Em declarações hoje à agência Lusa, o porta-voz do grupo de ativistas de direitos humanos que promove uma campanha de recolha de assinaturas para a libertação de Mavungo, disse que as investigações já foram concluídas e entregues na Direção Provincial de Investigação Criminal (DPIC) ao procurador-geral adjunto na província, que as remeteu para o tribunal.

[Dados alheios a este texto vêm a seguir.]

lemma proves_common_ctx:
  "\<forall>(M, \<psi>)\<in>set ps. proves L (set_mset M \<union> X) \<psi> \<Longrightarrow>
    \<exists>\<Gamma>. set_mset \<Gamma> \<subseteq> X \<and> (\<forall>(M, \<psi>)\<in>set ps. der L (M + \<Gamma>) \<psi>)"
proof (induction ps)
  case (Cons p ps)
  obtain \<Gamma> where \<Gamma>: "set_mset \<Gamma> \<subseteq> X" "\<forall>(M, \<psi>)\<in>set ps. der L (M + \<Gamma>) \<psi>"
    using Cons by auto
  obtain \<Gamma>' where \<Gamma>': "set_mset \<Gamma>' \<subseteq> set_mset (fst p) \<union> X" "der L \<Gamma>' (snd p)"
    using Cons.prems by (auto simp: proves_def)
  define \<Delta> where "\<Delta> = \<Gamma> + filter_mset (\<lambda>y. y \<in> X) \<Gamma>'"
  have "der L (fst p + \<Delta>) (snd p)"
    using \<Gamma>'(2) by (rule der_set_mono) (use \<Gamma>'(1) in \<open>auto simp: \<Delta>_def\<close>)
  moreover have "der L (M + \<Delta>) \<psi>" if "(M, \<psi>) \<in> set ps" for M \<psi>
    using \<Gamma>(2) that by (auto simp: \<Delta>_def elim!: der_set_mono)
  moreover have "set_mset \<Delta> \<subseteq> X" using \<Gamma>(1) by (auto simp: \<Delta>_def)
  ultimately show ?case by (cases p) auto
qed (auto intro: exI[of _ "{#}"])

lemma proves_left:
  assumes "left_prems x \<noteq> []" and "\<forall>M\<in>set (left_prems x). proves L (set_mset M \<union> X) \<phi>"
  shows "proves L (insert x X) \<phi>"
proof -
  obtain \<Gamma> where "set_mset \<Gamma> \<subseteq> X" "\<forall>M\<in>set (left_prems x). der L (M + \<Gamma>) \<phi>"
    using proves_common_ctx[of "map (\<lambda>M. (M, \<phi>)) (left_prems x)" L X] assms(2) by auto
  then show ?thesis
    using der_left_rule[OF assms(1)] unfolding proves_def by (metis insert_mono set_mset_add_mset_insert)
qed
lemma card_image_Sigma_const_fibres:
  assumes "inj_on f (Sigma A B)" "finite A" "\<And>a. a \<in> A \<Longrightarrow> finite (B a) \<and> card (B a) = c"
  shows "card (f ` Sigma A B) = c * card A"
proof -
  have "card (f ` Sigma A B) = (\<Sum>a\<in>A. card (B a))"
    using assms by (simp add: card_image card_SigmaI)
  also have "\<dots> = c * card A" using assms(3) by simp
  finally show ?thesis .
qed

lemma Qminus_subset: "Qminus Q \<subseteq> Q"
  unfolding Qminus_def by auto

lemma Qminus_insert:
  "Qminus (insert p Q) = (if snd p \<le> fst p then insert p (Qminus Q) else Qminus Q)"
  unfolding Qminus_def by (cases p) auto

lemma Qminus_Diff: "Qminus (Q - R) = Qminus Q - R"
  unfolding Qminus_def by auto

lemma pry_insert: "pry (insert p Q) = insert (snd p) (pry Q)"
  unfolding pry_def by simp

lemma pry_Diff_singleton: "inj_on snd Q \<Longrightarrow> p \<in> Q \<Longrightarrow> pry (Q - {p}) = pry Q - {snd p}"
  unfolding pry_def by (simp add: inj_on_image_set_diff)

definition hooked :: "(nat \<times> nat) set \<Rightarrow> bool" where
  "hooked Q \<longleftrightarrow> (\<forall>p\<in>Q. \<forall>q\<in>Q. snd p \<le> fst p \<longrightarrow> fst q \<le> snd q \<longrightarrow> fst p \<noteq> snd q)"

definition hooked_placement :: "nat \<Rightarrow> (nat \<times> nat) set \<Rightarrow> bool" where
  "hooked_placement n Q \<longleftrightarrow>
     Q \<subseteq> {1..n} \<times> {1..n} \<and> inj_on fst Q \<and> inj_on snd Q \<and> hooked Q"

lemma disjoint_hooks_iff_hooked: "prx (Qminus Q) \<inter> pry (Qplus Q) = {} \<longleftrightarrow> hooked Q"
  unfolding hooked_def prx_def pry_def Qminus_def Qplus_def by fastforce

"Mas, até agora, os advogados não foram notificados e o doutor Marcos Mavungo continua detido, o que significa que as investigações apontam para qualquer tipo crime e mantém-se a acusação de crime contra a segurança de Estado", referiu Filomeno Vieira Lopes.

Segundo Filomeno Vieira Lopes, aquele ativista apresenta vários problemas de saúde nomeadamente no fígado e coração, e tem recebido assistência médica da cadeia, que considera "duvidosa".

O porta-voz do grupo de ativistas, com representantes de partidos políticos, da sociedade civil e de organizações de defesa dos direitos humanos, considerou todo o processo "uma maquinação" das autoridades para manter Marcos Mavungo detido.

De acordo com Filomeno Vieira Lopes, o grupo está a preparar expedientes para serem entregues na Presidência da República, na Procuradoria-Geral da República e no Ministério da Justiça e dos Direitos Humanos de Angola.

"O abaixo-assinado já foi entregue às autoridades de Cabinda e vamos na sexta-feira submeter este expediente às autoridades centrais e igualmente solicitar audiências", referiu.

No mês passado, uma delegação deste grupo deslocou-se à Cabinda para uma visita de dois dias, para avaliar a situação legal e o estado de saúde de Marcos Mavungo.

A delegação manteve contactos com Marcos Mavungo e a sua mulher, os advogados envolvidos no processo, com o diretor dos serviços prisionais e com outros detidos.

Nessa visita, o grupo constatou o grave estado de saúde de Marcos Mavungo e solicitou ao Ministério Público a sua libertação.

Outras duas pessoas, entretanto já libertadas, foram detidas na mesma ocasião sem mandado de captura, "porque havia uma grande suspeição do crime contra a segurança de Estado", alegaram anteriormente as autoridades.